Repository tier is restarting now with D13319, so this should be fixed in about a minute.
I believe this is now resolved. Thanks for the report, and sorry for the duplicate mail. I've issued your instance a service credit for the last 48 hours, which will be reflected on your next bill.
Please let us know if you run into anything else.
Some more information, for future reference:
I assessed this issue by using bin/remote mysql admin001 and querying the admin_instances tables to identify which instance was affected. (It would be nice to have a cleaner way to do this, but when we eventually move the support queue to Nuance that should more or less happen automatically.)
I suspected this was a daemon stuck in a loop, so I used bin/remote ssh repo001 to connect to the repository tier and then PHABRICATOR_INSTANCE=... bin/phd log to examine the log after identifying the affected instance. This yielded the trace above, which confirmed that this was a daemon issue.

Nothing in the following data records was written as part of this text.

lemma integral_gaussian_vec_sq_dist:
  fixes M :: "real^'p^'q" and c :: "real^'q"
  assumes "\<sigma> > 0"
  shows "(\<integral>n. (norm (M *v n - c))\<^sup>2 \<partial>gaussian_vec \<sigma>) = (norm c)\<^sup>2 + \<sigma>\<^sup>2 * (norm M)\<^sup>2"
proof -
  let ?G = "gaussian_vec \<sigma> :: (real^'p) measure"
  interpret prob_space ?G
    using prob_space_gaussian_vec[OF assms] .
  have cross: "has_bochner_integral ?G (\<lambda>n. c \<bullet> (M *v n)) 0"
  proof -
    have "(\<lambda>n. c \<bullet> (M *v n)) = (\<lambda>n. \<Sum>j\<in>UNIV. \<Sum>i\<in>UNIV. (c $ j * M $ j $ i) * n $ i)"
      by (simp add: inner_vec_def matrix_vector_mult_def sum_distrib_left mult.assoc)
    moreover have "has_bochner_integral ?G (\<lambda>n. \<Sum>j\<in>UNIV. \<Sum>i\<in>UNIV. (c $ j * M $ j $ i) * n $ i)
        (\<Sum>j\<in>UNIV. \<Sum>i\<in>UNIV. (c $ j * M $ j $ i) * 0)"
      by (intro has_bochner_integral_sum has_bochner_integral_mult_right
          has_bochner_integral_gaussian_vec_mean assms)
    ultimately show ?thesis by simp
  qed
  have quad: "has_bochner_integral ?G (\<lambda>n. (norm (M *v n))\<^sup>2) (\<sigma>\<^sup>2 * (norm M)\<^sup>2)"
  proof -
    have "(\<lambda>n. (norm (M *v n))\<^sup>2) =
        (\<lambda>n. \<Sum>j\<in>UNIV. \<Sum>i\<in>UNIV. \<Sum>k\<in>UNIV. (M $ j $ i * M $ j $ k) * (n $ i * n $ k))"
      by (simp add: power2_norm_eq_inner inner_vec_def matrix_vector_mult_def sum_product mult_ac)
    moreover have "has_bochner_integral ?G
        (\<lambda>n. \<Sum>j\<in>UNIV. \<Sum>i\<in>UNIV. \<Sum>k\<in>UNIV. (M $ j $ i * M $ j $ k) * (n $ i * n $ k))
        (\<Sum>j\<in>UNIV. \<Sum>i\<in>UNIV. \<Sum>k\<in>UNIV. (M $ j $ i * M $ j $ k) * (if i = k then \<sigma>\<^sup>2 else 0))"
      by (intro has_bochner_integral_sum has_bochner_integral_mult_right
          has_bochner_integral_gaussian_vec_covariance assms)
    moreover have "(\<Sum>j\<in>UNIV. \<Sum>i\<in>UNIV. \<Sum>k\<in>UNIV. (M $ j $ i * M $ j $ k) * (if i = k then \<sigma>\<^sup>2 else 0))
        = \<sigma>\<^sup>2 * (norm M)\<^sup>2"
      by (simp add: power2_norm_eq_inner inner_vec_def if_distrib sum.If_cases sum_distrib_left
          mult_ac)
    ultimately show ?thesis by simp
  qed
  have const: "has_bochner_integral ?G (\<lambda>_. a) a" for a :: real
    by (simp add: has_bochner_integral_iff prob_space)
  have "(norm (v - c))\<^sup>2 = (norm v)\<^sup>2 - 2 * (c \<bullet> v) + (norm c)\<^sup>2" for v :: "real^'q"
    by (simp add: power2_norm_eq_inner inner_diff_left inner_diff_right inner_commute[of v c])
  then have "(\<lambda>n. (norm (M *v n - c))\<^sup>2) = (\<lambda>n. (norm (M *v n))\<^sup>2 - 2 * (c \<bullet> (M *v n)) + (norm c)\<^sup>2)"
    by simp
  moreover have "has_bochner_integral ?G (\<lambda>n. (norm (M *v n))\<^sup>2 - 2 * (c \<bullet> (M *v n)) + (norm c)\<^sup>2)
      (\<sigma>\<^sup>2 * (norm M)\<^sup>2 - 2 * 0 + (norm c)\<^sup>2)"
    by (intro has_bochner_integral_add has_bochner_integral_diff has_bochner_integral_mult_right
        quad cross const)
  ultimately show ?thesis
    by (simp add: has_bochner_integral_integral_eq)
qed

section \<open>The gradient descent iterates\<close>

lemma dip_iter_add:
  "dip_iter \<eta> W A (y + y') t = dip_iter \<eta> W A y t + dip_iter \<eta> W A y' t"
  by (induction t) (simp_all add: algebra_simps)

lemma dip_iter_error_noiseless:
  "x - dip_iter \<eta> W A (A *v x) t = mpow (mat 1 - \<eta> *\<^sub>R (W ** transpose A ** A)) t *v x"
proof (induction t)
  case 0
  show ?case by simp
next
  case (Suc t)
  let ?B = "mat 1 - \<eta> *\<^sub>R (W ** transpose A ** A)" and ?z = "dip_iter \<eta> W A (A *v x) t"
  have "x - dip_iter \<eta> W A (A *v x) (Suc t) = ?B *v (x - ?z)"
    by (simp add: algebra_simps scaleR_matrix_vector_assoc[symmetric] matrix_vector_mul_assoc[symmetric])
  also have "\<dots> = mpow ?B (Suc t) *v x"
    by (simp add: Suc.IH matrix_vector_mul_assoc)
  finally show ?case .
qed

lemma dip_iter_closed_form:
  assumes "A ** P = mat 1"
  shows "dip_iter \<eta> W A y t = ((mat 1 - mpow (mat 1 - \<eta> *\<^sub>R (W ** transpose A ** A)) t) ** P) *v y"
proof -
  have "A *v (P *v y) = y"
    by (simp add: matrix_vector_mul_assoc assms)
  then have "P *v y - dip_iter \<eta> W A y t = mpow (mat 1 - \<eta> *\<^sub>R (W ** transpose A ** A)) t *v (P *v y)"
    using dip_iter_error_noiseless[of "P *v y" \<eta> W A t] by simp
  then show ?thesis
    by (simp add: algebra_simps matrix_vector_mul_assoc[symmetric])
qed

theorem theorem2:
  fixes A :: "real^'q^'p" and W :: "real^'q^'q" and x :: "real^'q"
    and \<eta> \<sigma> :: real and t :: nat and \<nu> :: "'p \<Rightarrow> real"
  assumes "rank A = CARD('p)"
    and "sym_psd W"
    and "\<eta> > 0"
    and "\<sigma> > 0"
    and "singular_values ((mat 1 - mpow (mat 1 - \<eta> *\<^sub>R (W ** transpose A ** A)) t) ** pinv A) \<nu>"
  shows "(\<integral>n. (norm (dip_iter \<eta> W A (A *v x + n) t - x))\<^sup>2 \<partial>gaussian_vec \<sigma>)
         = (norm (mpow (mat 1 - \<eta> *\<^sub>R (W ** transpose A ** A)) t *v x))\<^sup>2
           + \<sigma>\<^sup>2 * (\<Sum>i\<in>UNIV. (\<nu> i)\<^sup>2)"
proof -
  define Q where "Q = mpow (mat 1 - \<eta> *\<^sub>R (W ** transpose A ** A)) t"
  define M where "M = (mat 1 - Q) ** pinv A"
  have error: "dip_iter \<eta> W A (A *v x + n) t - x = M *v n - Q *v x" for n
    using dip_iter_add[of \<eta> W A "A *v x" n t] dip_iter_error_noiseless[of x \<eta> W A t]
      dip_iter_closed_form[OF pinv_right_inverse[OF assms(1)], of \<eta> W n t]
    by (simp add: M_def Q_def algebra_simps)
  have "(\<integral>n. (norm (dip_iter \<eta> W A (A *v x + n) t - x))\<^sup>2 \<partial>gaussian_vec \<sigma>)
      = (norm (Q *v x))\<^sup>2 + \<sigma>\<^sup>2 * (norm M)\<^sup>2"
    unfolding error by (rule integral_gaussian_vec_sq_dist[OF assms(4)])
  also have "(norm M)\<^sup>2 = (\<Sum>i\<in>UNIV. (\<nu> i)\<^sup>2)"
    using norm_power2_eq_sum_singular_values assms(5) by (simp add: M_def Q_def)
  finally show ?thesis
    by (simp add: Q_def)
qed

end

I used bin/remote ssh db001 to connect to the instance database and pulled the task out of the worker_activetask table using WHERE id = 224593 (from the log message). I noted the dataID and pulled that out of the worker_taskdata table; this contained a JSON blob of pertinent information, including mail recipients.
I selected the recipient user PHIDs from the ..._users.user table and verified that one had a nonstandard state (isDisabled flag was set), which suggested that the issue was straightforward and nothing tricky/subtle was going on.
I found all the tasks with repeated failures in the worker_activetask table and used PHABRICATOR_INSTANCE=... bin/worker cancel --id <id> to individually stop them (there were 4, with 43 failures each, which roughly squares with the numbers in the original report). This stopped the issue temporarily.
I implemented D13319 and deployed it after review, then restarted the tier. I believe this stopped the issue permanently (although not the class of issue). I examined the worker_activetask table again, and then again after a few minutes, to make sure no more tasks were getting stuck.
To follow up, I wrote D13320 (which should provide a more robust fix). I don't plan to deploy this immediately, since I think the branch fix will hold until the normal deployment cycle (it is very unusual to issue API calls from within custom fields).
We haven't had to touch the cluster midweek very much so far, but it is likely to get more common in the future. To make these kinds of deployments easier, I changed the deployment scripts to deploy a named branch instead of always deploying master, then realigned rP, rARC and rPHU to use stable and created stable branches in each repository based on the most recent (Week 24) changelog hashes, which I know to be stable other than this issue. I cherry-picked D13319 (rPbb7f2ea9) onto the stable branch (as rPcace777b) to create an actually-stable branch. I'll likely go clean up the less-robust patch on the repo tier later tonight to vet this a little more, ahead of the main weekly deployment.